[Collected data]
== Segment start ==

(* Let $p,q$ be positive integers with $\gcd(p,q)=2$. On the square billiard, consider the billiard trajectory generated by $\langle P_0,\alpha_0\rangle$ with $\tan(\alpha_0)=p/q$ fixed and $P_0\in[0,1)$. Then: (i) if $P_0=\frac{2\ell}{p}$ for some $\ell\in\{0,1,\dots,\frac{p}{2}-1\}$, the trajectory is a singular orbit, and it lies on a generalised diagonal of length $\frac{p+q}{2}-2$ having exactly $\frac{p}{2}-1$ collision points on the sides $\mathsf{AB}$ or $\mathsf{CD}$ and exactly $\frac{q}{2}-1$ collision points on the sides $\mathsf{BC}$ or $\mathsf{DA}$; (ii) otherwise the trajectory is a periodic orbit of period $p+q$ belonging to the class $\mathcal{C}_{p+q}(p)$.
   Context: Square billiard: unit square with vertices $\mathsf{A}=(0,0),\mathsf{B}=(1,0),\mathsf{C}=(1,1),\mathsf{D}=(0,1)$; a point moves in straight lines, reflecting elastically at the sides; a trajectory reaching a vertex terminates (singular orbit). A pair $\langle P_0,\alpha_0\rangle$ generates the trajectory with a collision at $(P_0,0)$ on $\mathsf{AB}$ whose outgoing segment makes angle $\alpha_0\in(0,\pi/2]$ with $\mathsf{AB}$ (direction of motion not distinguished; for $P_0=0$ the trajectory starts at vertex $\mathsf{A}$). Period of a periodic orbit = number of distinct collision points. The class $\mathcal{C}_K(p)$ consists of all period-$K$ orbits with exactly $p$ distinct collision points on $\mathsf{AB}$ or $\mathsf{CD}$ (and $K-p$ on $\mathsf{BC}$ or $\mathsf{DA}$). A generalised diagonal is a singular orbit starting at a vertex; its length is the number of its non-vertex collision points. *)

theory Defs
  imports Complex_Main
begin

text \<open>Square billiard on the unit square with vertices A=(0,0), B=(1,0), C=(1,1), D=(0,1).
  A billiard state is a pair (collision point, velocity).\<close>

type_synonym bstate = "(real \<times> real) \<times> (real \<times> real)"

definition sq_vertices :: "(real \<times> real) set" where
  "sq_vertices = {(0,0), (1,0), (1,1), (0,1)}"

definition hit_time :: "real \<Rightarrow> real \<Rightarrow> real option" where
  "hit_time c v = (if v > 0 then Some ((1 - c) / v) else if v < 0 then Some (- c / v) else None)"

definition flight_time :: "real option \<Rightarrow> real option \<Rightarrow> real" where
  "flight_time a b = (case (a, b) of
      (Some s, Some t) \<Rightarrow> min s t
    | (Some s, None) \<Rightarrow> s
    | (None, Some t) \<Rightarrow> t
    | (None, None) \<Rightarrow> 0)"

definition bstep :: "bstate \<Rightarrow> bstate" where
  "bstep s = (case s of ((x, y), (vx, vy)) \<Rightarrow>
     (let t = flight_time (hit_time x vx) (hit_time y vy);
          x' = x + t * vx; y' = y + t * vy;
          vx' = (if x' = 0 \<or> x' = 1 then - vx else vx);
          vy' = (if y' = 0 \<or> y' = 1 then - vy else vy)
      in ((x', y'), (vx', vy'))))"

definition bstates :: "bstate \<Rightarrow> nat \<Rightarrow> bstate" where
  "bstates s n = (bstep ^^ n) s"

text \<open>Collision points of the trajectory started in state s, followed forward until it
  (possibly) reaches a vertex, where it terminates (the vertex itself is included).
  The initial point is always included (it may itself be a vertex, e.g. P0 = 0).\<close>
definition fwd_points :: "bstate \<Rightarrow> (real \<times> real) set" where
  "fwd_points s = {fst (bstates s n) | n.
      \<forall>m. 0 < m \<and> m < n \<longrightarrow> fst (bstates s m) \<notin> sq_vertices}"

text \<open>The trajectory generated by <P0, alpha0>: collision at (P0,0) on AB with
  outgoing segment at angle alpha0 with AB.  Direction of motion is not distinguished,
  so the trajectory consists of the forward part (velocity (cos a, sin a)) and the
  backward part, which (after the reflection at (P0,0)) leaves (P0,0) with velocity
  (-cos a, sin a).  For P0 = 0 the trajectory starts at the vertex A.\<close>
definition gen_fwd :: "real \<Rightarrow> real \<Rightarrow> bstate" where
  "gen_fwd P0 a = ((P0, 0), (cos a, sin a))"

definition gen_bwd :: "real \<Rightarrow> real \<Rightarrow> bstate" where
  "gen_bwd P0 a = ((P0, 0), (- cos a, sin a))"

definition traj_points :: "real \<Rightarrow> real \<Rightarrow> (real \<times> real) set" where
  "traj_points P0 a = fwd_points (gen_fwd P0 a) \<union>
      (if P0 = 0 then {} else fwd_points (gen_bwd P0 a))"

definition singular_orbit :: "real \<Rightarrow> real \<Rightarrow> bool" where
  "singular_orbit P0 a \<longleftrightarrow> traj_points P0 a \<inter> sq_vertices \<noteq> {}"

definition periodic_orbit :: "real \<Rightarrow> real \<Rightarrow> nat \<Rightarrow> bool" where
  "periodic_orbit P0 a K \<longleftrightarrow> \<not> singular_orbit P0 a \<and>
     (\<exists>N>0. bstates (gen_fwd P0 a) N = gen_fwd P0 a) \<and>
     finite (traj_points P0 a) \<and> card (traj_points P0 a) = K"

definition on_AB_CD :: "real \<times> real \<Rightarrow> bool" where
  "on_AB_CD P \<longleftrightarrow> snd P = 0 \<or> snd P = 1"

definition on_BC_DA :: "real \<times> real \<Rightarrow> bool" where
  "on_BC_DA P \<longleftrightarrow> fst P = 0 \<or> fst P = 1"

definition in_class_C :: "nat \<Rightarrow> nat \<Rightarrow> real \<Rightarrow> real \<Rightarrow> bool" where
  "in_class_C K p P0 a \<longleftrightarrow> periodic_orbit P0 a K \<and>
     card {P \<in> traj_points P0 a. on_AB_CD P} = p \<and>
     card {P \<in> traj_points P0 a. on_BC_DA P} = K - p"

definition inward :: "real \<times> real \<Rightarrow> real \<times> real \<Rightarrow> bool" where
  "inward V v \<longleftrightarrow> fst v \<noteq> 0 \<and> snd v \<noteq> 0 \<and>
     (fst V = 0 \<longrightarrow> fst v > 0) \<and> (fst V = 1 \<longrightarrow> fst v < 0) \<and>
     (snd V = 0 \<longrightarrow> snd v > 0) \<and> (snd V = 1 \<longrightarrow> snd v < 0)"

definition gen_diagonal :: "(real \<times> real) set \<Rightarrow> bool" where
  "gen_diagonal G \<longleftrightarrow> (\<exists>V v. V \<in> sq_vertices \<and> inward V v \<and> G = fwd_points (V, v))"

definition diag_length :: "(real \<times> real) set \<Rightarrow> nat" where
  "diag_length G = card (G - sq_vertices)"

end

theory Submission
  imports Defs
begin

text \<open>Reflecting the square in its sides straightens a billiard path of slope r = p/q through
  (P0, 0) into the line y = r (x - P0) of the plane; the path is recovered by folding both
  coordinates back into [0, 1] with the triangle wave of period 2. Collisions are the crossings of
  the line with the grid lines x \<in> \<int> and y \<in> \<int>, and vertices are its crossings through
  lattice points.

  Write p = 2a and q = 2b with a, b coprime. The line meets a lattice point iff a P0 \<in> \<int>, that
  is iff P0 = 2l/p. In that case consecutive lattice points on the line are b columns and a rows
  apart, so the whole orbit lies on the segment between two of them: a generalised diagonal with
  a - 1 inner row crossings and b - 1 inner column crossings. Otherwise shifting by 2b columns
  moves the line by the even number 2a of rows, so the folded line is periodic; one period
  crosses 2a rows and 2b columns, and because a and b are not both even these 2a + 2b crossings
  fold to distinct points.\<close>

section \<open>The folded line and its grid crossings\<close>

definition fold_unit :: "real \<Rightarrow> real" where
  "fold_unit u = (if even \<lfloor>u\<rfloor> then frac u else 1 - frac u)"

definition fold_sign :: "real \<Rightarrow> real" where
  "fold_sign u = (if even \<lfloor>u\<rfloor> then 1 else -1)"

text \<open>The unfolded line y = r (x - P) is parametrised by the abscissa x; \<open>line_point\<close> folds
  its point back into the square and \<open>line_state\<close> adds the velocity (c, s), each component
  reflected according to the parity of the cell it lies in.\<close>

definition line_point :: "real \<Rightarrow> real \<Rightarrow> real \<Rightarrow> real \<times> real" where
  "line_point r P x = (fold_unit x, fold_unit (r * (x - P)))"

definition line_state :: "real \<Rightarrow> real \<Rightarrow> real \<Rightarrow> real \<Rightarrow> real \<Rightarrow> bstate" where
  "line_state c s r P x = (line_point r P x, (fold_sign x * c, fold_sign (r * (x - P)) * s))"

definition crossings :: "real \<Rightarrow> real \<Rightarrow> real set" where
  "crossings r P = {x. x \<in> \<int> \<or> r * (x - P) \<in> \<int>}"

definition lattice_crossings :: "real \<Rightarrow> real \<Rightarrow> real set" where
  "lattice_crossings r P = {x. x \<in> \<int> \<and> r * (x - P) \<in> \<int>}"

definition next_crossing :: "real \<Rightarrow> real \<Rightarrow> real \<Rightarrow> real" where
  "next_crossing r P x = x + min (1 - frac x) ((1 - frac (r * (x - P))) / r)"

== Segment end ==

**Try it**
Please give back, exactly as it stands above, the stretch from the line with "a \<longleftrightarrow> traj_points" through the line with "P0 a \<and>", and no line outside it.

**Output**
  "singular_orbit P0 a \<longleftrightarrow> traj_points P0 a \<inter> sq_vertices \<noteq> {}"

definition periodic_orbit :: "real \<Rightarrow> real \<Rightarrow> nat \<Rightarrow> bool" where
  "periodic_orbit P0 a K \<longleftrightarrow> \<not> singular_orbit P0 a \<and>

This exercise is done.